Hay ausencias que iluminan más que muchas presencias. Tú eres una de ellas.

BIOGRAFÍA

Francisco Javier Cáceres Mejías
20 de diciembre de 1957 – 14 de octubre de 2025 – País Chile

Francisco Javier Cáceres Mejías nació el 20 de diciembre de 1957 en el pueblo de Villa Prat, en el seno de una gran familia campesina. Hijo de Carmelita y Ambrosio, fue el séptimo de diez hermanos. Su infancia transcurrió entre el río, los campos y la tierra que aprendió a amar desde pequeño. Estudió hasta tercero básico, no por falta de capacidad, sino porque desde niño sintió el llamado del trabajo, la responsabilidad y el deseo de ayudar en su hogar. Mientras sus padres lo enviaban al colegio, él prefería esconder su mochila para ir a trabajar en la agricultura, donde encontraba alegría y sentido.

En su adolescencia continuó trabajando y, con el tiempo, también fue acercándose al camino del evangelio. Disfrutaba sentarse en la plaza o afuera de la iglesia evangélica, escuchando a los hermanos predicar, acompañado de amigos y guiado por la fe que lo acompañaría toda su vida.

El amor llegó a él el 5 de noviembre de 1976, cuando comenzó a pololear con Ana, quien luego sería su esposa. Se casaron el 30 de abril de 1978 y juntos formaron una familia llena de cariño y sacrificio. De ese amor nacieron sus tres hijas: Verónica, Francisca y Soledad, a quienes amó con un amor profundo, presente y sencillo. Con ellas compartió juegos, risas, consejos y abrazos sinceros. Siempre trabajó día a día para que nunca les faltara nada.

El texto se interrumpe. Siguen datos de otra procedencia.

lemma prob_match_ratio_bounds:
  assumes "finite I" "finite T" "E \<subseteq> I \<times> T"
    and p: "\<forall>(r, t) \<in> E. 0 \<le> p r t \<and> p r t \<le> 1"
    and alg: "valid_alg E alg" and pos: "tau alg \<omega>0 T p i > 0"
  shows "1 \<le> prob_match alg \<omega>0 T E p i / (1 - exp (- tau alg \<omega>0 T p i))"
    and "prob_match alg \<omega>0 T E p i / (1 - exp (- tau alg \<omega>0 T p i))
           \<le> 1 + 2 * sqrt (p_max E p)"
proof -
  define S where "S = failure_offers alg \<omega>0 i (card T)"
  have SE: "(i, t) \<in> E" if "t \<in> S" for t
    using that run_offer_in_edges[OF alg] by (auto simp: S_def failure_offers_def)
  have finE: "finite E" using assms(1-3) by (auto intro: finite_subset)
  have finS: "finite S"
    using SE by (intro finite_subset[OF _ finite_imageI[OF finE, of snd]]) force
  have tau: "tau alg \<omega>0 T p i = sum (p i) S"
    and match: "prob_match alg \<omega>0 T E p i = 1 - (\<Prod>t\<in>S. 1 - p i t)"
    using prob_match_eq[OF assms(2-3) p alg] by (simp_all add: tau_eq_sum_failure_offers S_def)
  have "S \<noteq> {}" using pos tau by auto
  then have pm: "p_max E p \<le> 1" using SE p_max_le_one[OF finE] p by blast
  have bounds: "\<forall>t\<in>S. 0 \<le> p i t \<and> p i t \<le> p_max E p"
    using SE p p_le_p_max[OF finE] by fast
  have d: "0 < 1 - exp (- sum (p i) S)" using pos tau by simp
  have "1 - exp (- sum (p i) S) \<le> 1 - (\<Prod>t\<in>S. 1 - p i t)"
    using prod_one_minus_le_exp[of S "p i"] bounds pm by force
  then show "1 \<le> prob_match alg \<omega>0 T E p i / (1 - exp (- tau alg \<omega>0 T p i))"
    using d by (simp add: match tau le_divide_eq)
  have "1 - (\<Prod>t\<in>S. 1 - p i t)
      \<le> (1 + 2 * sqrt (p_max E p)) * (1 - exp (- sum (p i) S))"
    by (rule one_minus_prod_le_one_minus_exp[OF finS bounds pm])
  then show "prob_match alg \<omega>0 T E p i / (1 - exp (- tau alg \<omega>0 T p i))
      \<le> 1 + 2 * sqrt (p_max E p)"
    using d by (simp add: match tau divide_le_eq)
qed

theorem lemma8:
  shows "\<exists>c1 c2 :: real. c1 \<ge> 0 \<and> c2 \<ge> 0 \<and>
    (\<forall>(I :: nat set) (T :: nat set) (E :: (nat \<times> nat) set) (p :: nat \<Rightarrow> nat \<Rightarrow> real)
       (alg :: hist \<Rightarrow> (nat \<times> nat) option) (\<omega>0 :: nat \<Rightarrow> nat \<Rightarrow> bool) (i :: nat).
       finite I \<and> finite T \<and> E \<subseteq> I \<times> T \<and>
       (\<forall>(r, t) \<in> E. 0 \<le> p r t \<and> p r t \<le> 1) \<and>
       valid_alg E alg \<and> i \<in> I \<and> tau alg \<omega>0 T p i > 0 \<longrightarrow>
       prob_match alg \<omega>0 T E p i / (1 - exp (- tau alg \<omega>0 T p i))
         \<in> {1 - c1 * sqrt (p_max E p) .. 1 + c2 * sqrt (p_max E p)})"
  using prob_match_ratio_bounds by (intro exI[of _ 0] exI[of _ 2]) auto

end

Durante muchos años trabajó en fábricas del pueblo, donde aprendió por sí mismo a preparar los líquidos para pickles y chucrut. Pasó por tres fábricas y en cada una dejó amistades, respeto y buenos recuerdos. Paralelamente, nunca dejó la tierra: sembró, cultivó y cuidó sus herramientas y su caballo con orgullo. Era un hombre que agradecía la vida, la familia y su fe.

Con el paso de los años llegaron los nietos, quienes iluminaron aún más su existencia. Aunque siempre soñó con tener un hijo hombre, su alegría se completó cuando nació su nieto. Se convirtió en un abuelo amoroso, alegre y presente, un “Tata chocho”, feliz de haber recibido el regalo de cuatro nietos que lo llenaron de vida.

Francisco siempre dijo que Dios lo bendijo. Con esfuerzo y fe logró un trabajo estable, una casa propia y una familia que nunca conoció la escasez de cariño ni de pan. Su tiempo libre lo dedicaba a la pesca, su lugar de libertad. “En el río no siento hambre ni frío —decía—, ahí soy un hombre libre”. Aunque a veces no pescara nada, ahí encontraba paz.

Con los años, su cuerpo comenzó a cansarse. En 2023 le detectaron problemas en el corazón, pero jamás perdió su espíritu positivo. Continuó trabajando y dando lo mejor de sí hasta el último día de su vida.


Su partida

El martes 14 de octubre, llegó la hora de descansar. Se acostó a dormir y emprendió el viaje más profundo, llevando consigo su maleta llena de amor, recuerdos y fe, hasta encontrarse con su Señor.

Sabía que su familia sufriría su ausencia, pero también sabía que su misión en la tierra había sido cumplida.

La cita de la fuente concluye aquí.